This provides the following iterative algorithm:
$$
\theta_{k+1} = \theta_k - \begin{pmatrix} 2 - 400\theta_k(2) + 1200\theta^2_k(1) & -400\theta_k(1) \\ -400 \theta_k(1) & 200\end{pmatrix}^{-1}\begin{pmatrix} -2(1-\theta_k(1)) - 400\theta_k(1)(\theta_k(2)-\theta^2_k(1)) \\ 200(\theta_k(2)-\theta^2_k(1))\end{pmatrix}\,.
$$

In [None]:
f = rozenbrock
iterations = 10
for exp_it in range(25):
    x0 = 5*np.random.randn(2)
    params,  lik = NR_loop(f, x0, iterations)
    plt.plot(lik, '-', lw=2)
# Configure plot
plt.yscale("log")
plt.title('Newton Gradient descent - random initialization')
plt.xlabel('Number of iterations')
plt.ylabel('Likelihood')
plt.tight_layout();

###### **Convergence**

Assum that the target function $f$ is convex and twice differentiable. Assume also that:
- $\nabla f$ is $L$-Lipschitz and $\nabla^2 f$ is $M$-Lipschitz ;
- $f$ is strongly convex with parameter $m$.

Then, there exists a constant $c$, for all $k>0$,
$$
f(x_{k+k_0}) - f(x_*) \leq c \left(1/2\right)^{2^k}\,,
$$
where $k_0$ is the number of steps until $\|\nabla f(x_{k_0+1})\|$ is below a fixed threshold.

**Locally, the method is quadratically convergent**, that is, there exists $c>0$, such that if $\|x_k –x_*\|\leq c$, then $\|x_{k+1} –x_*\|/c\leq (\|x_k –x_*\|/c)^2$. Thies yields
$$
\|x_k –x_*\|⩽c(\|x_{k_0} –x_*\|/c)^{2^{k-k_0}},
$$
where $k_0$ is such that $\|x_k –x_*\|\leq c$.

Newton's method is **sensitive to initial conditions**, in particular for non-convex objective functions. 

Newton’s method is **very computationally intensive**. The computation of the inverse Hessian scales as **$O(d^3)$** which is prohibitive in high dimensional settings.

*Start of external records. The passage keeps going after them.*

lemma tvs_compact_closed_separation:
  assumes T: "lc_hausdorff_tvs T" and K: "compactin T K" and C: "closedin T C"
    and disj: "K \<inter> C = {}"
  obtains V where "openin T V" "convex V" "0 \<in> V"
    "\<And>k v. k \<in> K \<Longrightarrow> v \<in> V \<Longrightarrow> k - v \<notin> C"
proof -
  have ts: "topspace T = UNIV" using T by (rule lc_hausdorff_tvs_topspace)
  have "\<forall>k\<in>K. \<exists>W. openin T W \<and> convex W \<and> 0 \<in> W \<and> (\<forall>w\<in>W. \<forall>w'\<in>W. k + (w - w') \<notin> C)"
    using tvs_point_closed_separation[OF T C] disj by blast
  from bchoice[OF this] obtain W where W: "\<forall>k\<in>K. openin T (W k) \<and> convex (W k) \<and> 0 \<in> W k \<and>
      (\<forall>w\<in>W k. \<forall>w'\<in>W k. k + (w - w') \<notin> C)"
    by blast
  then have W_open: "\<And>k. k \<in> K \<Longrightarrow> openin T (W k)"
    and W_convex: "\<And>k. k \<in> K \<Longrightarrow> convex (W k)"
    and W_0: "\<And>k. k \<in> K \<Longrightarrow> 0 \<in> W k"
    and W_sep: "\<And>k w w'. k \<in> K \<Longrightarrow> w \<in> W k \<Longrightarrow> w' \<in> W k \<Longrightarrow> k + (w - w') \<notin> C"
    by auto
  define cover where "cover k = {x \<in> topspace T. x - k \<in> W k}" for k
  have "\<exists>\<F>. finite \<F> \<and> \<F> \<subseteq> cover ` K \<and> K \<subseteq> \<Union>\<F>"
  proof (rule compactinD[OF K])
    fix U assume "U \<in> cover ` K"
    then obtain k where "k \<in> K" "U = cover k" by blast
    then show "openin T U"
      unfolding cover_def
      by (simp add: W_open openin_continuous_map_preimage[OF continuous_map_tvs_translation[OF T]])
  next
    show "K \<subseteq> \<Union>(cover ` K)"
    proof
      fix k assume "k \<in> K"
      then have "k \<in> cover k" using W_0 ts by (simp add: cover_def)
      with \<open>k \<in> K\<close> show "k \<in> \<Union>(cover ` K)" by blast
    qed
  qed
  then obtain K' where K': "K' \<subseteq> K" "finite K'" "K \<subseteq> \<Union>(cover ` K')"
    by (metis finite_subset_image)
  define V where "V = (\<Inter>k\<in>K'. W k) \<inter> topspace T"
  show thesis
  proof
    show "openin T V" unfolding V_def using K' W_open by (intro openin_INT) auto
    show "convex V" unfolding V_def ts using K' W_convex by (auto intro!: convex_INT)
    show "0 \<in> V" unfolding V_def ts using K' W_0 by auto
    fix k' v assume "k' \<in> K" "v \<in> V"
    then obtain k where k: "k \<in> K'" "k' - k \<in> W k" and "v \<in> W k"
      using K' by (auto simp: cover_def V_def)
    then have "k + ((k' - k) - v) \<notin> C" using W_sep K' by blast
    then show "k' - v \<notin> C" by simp
  qed
qed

###### **Built-in optimization**

In [None]:
import torch
from autograd_minimize import minimize
x0 = 5*np.random.randn(2)
minimize(f, x0, backend="torch")

In [None]:
# Try switching `torch` to `tensorflow` as backend
minimize(f, x0, method='Newton-CG', precision='float64', tol=1e-8, backend="torch")

### <font color=darkred> Quasi Newton - Broyden-Fletcher-Goldfarb-Shanno (BFGS) method</font>

Newton's method has a fast rate of local convergence (quadratic). Started in a neighborhood of the solution, convergence occurs in just a few iterations.

Computation of the Hessian matrix is sometimes **intractable or computationally very sensitive**. Quasi-Newton approaches propose to use an update similar to the Newton Raphson algorithm with an approximation of the Hessian, i.e.
$$
\theta_{k+1} = \theta_k - \gamma_k A_k^{-1}\nabla f(\theta_k)\,.
$$

In this framework, $A_k$ aims at approximating $\nabla^2 f(\theta_k)$. This approximation satisfies in general the quasi-Newton condition:
$$
A_{k+1}(\theta_{k+1} - \theta_k) = \nabla f(\theta_{k+1}) - \nabla f(\theta_{k})\,.
$$

This constraint is motivated by:
$$
\nabla f (x + p) =  \nabla f (x) + \nabla^2 f (x)p + \int_0^1 \left\{\nabla^2f (x + t p) − \nabla^2 f (x)\right\}p dt\,.
$$
Applying this formula with $x = \theta_k$ and $p = \theta_{k+1}-\theta_k$ yields
$$
\nabla f (\theta_{k+1}) =  \nabla f (\theta_{k}) + \nabla^2 f (\theta_{k})\left\{\theta_{k+1}-\theta_k\right\} +o\left(\|\theta_{k+1}-\theta_k\|\right)\,.
$$

The quasi-Newton condition  **is underdetermined**. To determine a tractable scheme  weneed to impose additional constraints.
A solution to build $A_{k+1}$ is to solve:
$$
A\in\mathrm{Argmin}_{A^\top =A; A(\theta_{k+1} - \theta_k) = \nabla f(\theta_{k+1}) - \nabla f(\theta_{k})}\|A-A_k\|\,.
$$
Solving this constrained optimization problem (for the inverse $A^{-1}$) yields the following scheme.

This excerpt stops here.